YOUR GOAL:
Find the string "list" in the data, then copy every line where it is found.

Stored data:
lemma ranked_trees_with_removed_leaf:
  assumes tree: "ranked_tree S m r" and u: "u \<notin> S" and m: "1 \<le> m" and j: "1 \<le> j" "j \<le> Suc m"
  shows "{p. ranked_tree (insert u S) (Suc m) p \<and> remove_leaf p u = r \<and> p (L u) = j}
       = (\<lambda>y. insert_leaf r y j u) ` {y \<in> tree_nodes S m. edge_spans r j y}"
proof (intro equalityI subsetI)
  fix p assume "p \<in> {p. ranked_tree (insert u S) (Suc m) p \<and> remove_leaf p u = r \<and> p (L u) = j}"
  then have p: "ranked_tree (insert u S) (Suc m) p" "remove_leaf p u = r" "p (L u) = j" by auto
  let ?y = "drop_node j (sibling p (L u))"
  have "insert u S - {u} = S" using u by auto
  then have "?y \<in> {y \<in> tree_nodes S m. edge_spans r j y}"
    using edge_spans_sibling[OF p(1) m, of u] p(2,3) by simp
  moreover have "p = insert_leaf r ?y j u"
    using insert_remove_leaf[OF p(1) m, of u] p(2,3) by simp
  ultimately show "p \<in> (\<lambda>y. insert_leaf r y j u) ` {y \<in> tree_nodes S m. edge_spans r j y}" by blast
next
  fix p assume "p \<in> (\<lambda>y. insert_leaf r y j u) ` {y \<in> tree_nodes S m. edge_spans r j y}"
  then obtain y where y: "y \<in> tree_nodes S m" "edge_spans r j y" and p: "p = insert_leaf r y j u"
    by blast
  have "r (L u) = 0" using ranked_tree_outside[OF tree] u by simp
  moreover have "y \<noteq> L u" "r y < j" using y u by (auto simp: edge_spans_def)
  ultimately show "p \<in> {p. ranked_tree (insert u S) (Suc m) p \<and> remove_leaf p u = r \<and> p (L u) = j}"
    using p ranked_tree_insert_leaf[OF tree u j y] remove_insert_leaf[of r y j u]
    by (simp add: insert_leaf_def)
qed

theorem card_ranked_trees_with_removed_leaf:
  assumes tree: "ranked_tree S m r" and u: "u \<notin> S" and m: "1 \<le> m" and j: "1 \<le> j" "j \<le> Suc m"
  shows "card {p. ranked_tree (insert u S) (Suc m) p \<and> remove_leaf p u = r \<and> p (L u) = j} = j"
proof -
  have "inj_on (\<lambda>y. insert_leaf r y j u) {y \<in> tree_nodes S m. edge_spans r j y}"
  proof (rule inj_onI)
    fix y z
    assume y: "y \<in> {y \<in> tree_nodes S m. edge_spans r j y}"
      and z: "z \<in> {y \<in> tree_nodes S m. edge_spans r j y}"
      and eq: "insert_leaf r y j u = insert_leaf r z j u"
    have "y \<noteq> L u" using y u by auto
    then show "y = z" using insert_leaf_inject[OF _ _ _ eq] y z by (simp add: edge_spans_def)
  qed
  then show ?thesis
    using ranked_trees_with_removed_leaf[OF assms] card_edges_spanning_rank[OF tree m j]
    by (simp add: card_image)
qed
(* Let $n\ge1$, $p\ge2$, and let $\mathbf X\in\mathbb R^{n\times p}$ have i.i.d.\ rows $\mathcal N_p(0,\Sigma^* )$ with $\Sigma^*$ positive definite; let $\Omega^*=(\Sigma^* )^{-1}=(\omega^*_{ij})$, $\phi^*_j=1/\omega^*_{jj}$, $B^*_{ij}=\omega^*_{ij}/\omega^*_{jj}$, $S_n=\frac1n\mathbf X^\top\mathbf X$. Let $\mathscr G^*$ be the graph on $[p]$ with an edge between $i\neq j$ iff $\omega^*_{ij}\neq0$, and write $i\sim j$ if $i,j$ lie in the same connected component. For $j\in[p]$ let $\Delta^*_j$ be the diagonal $p\times p$ matrix with $$(\Delta^*_j)_{ii}=\mathbf 1(i\sim j)\prod_{1\le h<q}\frac{B^*_{v_{h+1},v_h}}{B^*_{v_h,v_{h+1}}},$$ where $(v_1=j,v_2,\dots,v_q=i)$ is any path from $j$ to $i$ in $\mathscr G^*$ (the value is independent of the path and equals $\phi^*_j/\phi^*_i$ when $i\sim j$). For $j$ in a connected component $c$ of cardinality $p_c$, define $$\hat\phi^{\rm SML}_j=\frac1{p_c}\,\mathrm{trace}\big(\Delta^*_jS_nB^*\big).$$ Then $\mathbf E\big[(\hat\phi^{\rm SML}_j-\phi^*_j)^2\big]=\dfrac{2(\phi^*_j)^2}{np_c}$.
   Context: $[p]=\{1,\dots,p\}$; $\mathbf 1(\cdot)$ is the indicator function. A path is a sequence of distinct vertices in which consecutive vertices are joined by an edge of $\mathscr G^*$; for $i=j$ the empty product equals $1$. *)

theory Defs
  imports "HOL-Analysis.Analysis" "HOL-Probability.Probability"
begin

definition pos_def_mat :: "real^'p^'p \<Rightarrow> bool" where
  "pos_def_mat S \<longleftrightarrow> transpose S = S \<and> (\<forall>x. x \<noteq> 0 \<longrightarrow> x \<bullet> (S *v x) > 0)"

definition mvn_density :: "real^'p^'p \<Rightarrow> real^'p \<Rightarrow> real" where
  "mvn_density S x =
     exp (- (x \<bullet> (matrix_inv S *v x)) / 2) / sqrt ((2 * pi) ^ CARD('p) * det S)"

definition Omega :: "real^'p^'p \<Rightarrow> real^'p^'p" where
  "Omega S = matrix_inv S"

definition phi :: "real^'p^'p \<Rightarrow> 'p \<Rightarrow> real" where
  "phi S j = 1 / (Omega S $ j $ j)"

definition Bmat :: "real^'p^'p \<Rightarrow> real^'p^'p" where
  "Bmat S = (\<chi> i j. Omega S $ i $ j / Omega S $ j $ j)"

definition gedge :: "real^'p^'p \<Rightarrow> 'p \<Rightarrow> 'p \<Rightarrow> bool" where
  "gedge S i j \<longleftrightarrow> i \<noteq> j \<and> Omega S $ i $ j \<noteq> 0"

definition gpath :: "real^'p^'p \<Rightarrow> 'p \<Rightarrow> 'p \<Rightarrow> 'p list \<Rightarrow> bool" where
  "gpath S a b vs \<longleftrightarrow> vs \<noteq> [] \<and> hd vs = a \<and> last vs = b \<and> distinct vs \<and>
     (\<forall>h. Suc h < length vs \<longrightarrow> gedge S (vs ! h) (vs ! Suc h))"

definition same_comp :: "real^'p^'p \<Rightarrow> 'p \<Rightarrow> 'p \<Rightarrow> bool" where
  "same_comp S i j \<longleftrightarrow> (\<exists>vs. gpath S j i vs)"

definition path_ratio :: "real^'p^'p \<Rightarrow> 'p list \<Rightarrow> real" where
  "path_ratio S vs = (\<Prod>h<length vs - 1.
      Bmat S $ (vs ! Suc h) $ (vs ! h) / Bmat S $ (vs ! h) $ (vs ! Suc h))"

text \<open>Delta*_j (diagonal); some path from j to i is chosen (the value is path-independent).\<close>
definition Delta :: "real^'p^'p \<Rightarrow> 'p \<Rightarrow> real^'p^'p" where
  "Delta S j = (\<chi> i k. if i = k then
       (if same_comp S i j then path_ratio S (SOME vs. gpath S j i vs) else 0) else 0)"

COMPLETED TASK:
definition gpath :: "real^'p^'p \<Rightarrow> 'p \<Rightarrow> 'p \<Rightarrow> 'p list \<Rightarrow> bool" where
definition path_ratio :: "real^'p^'p \<Rightarrow> 'p list \<Rightarrow> real" where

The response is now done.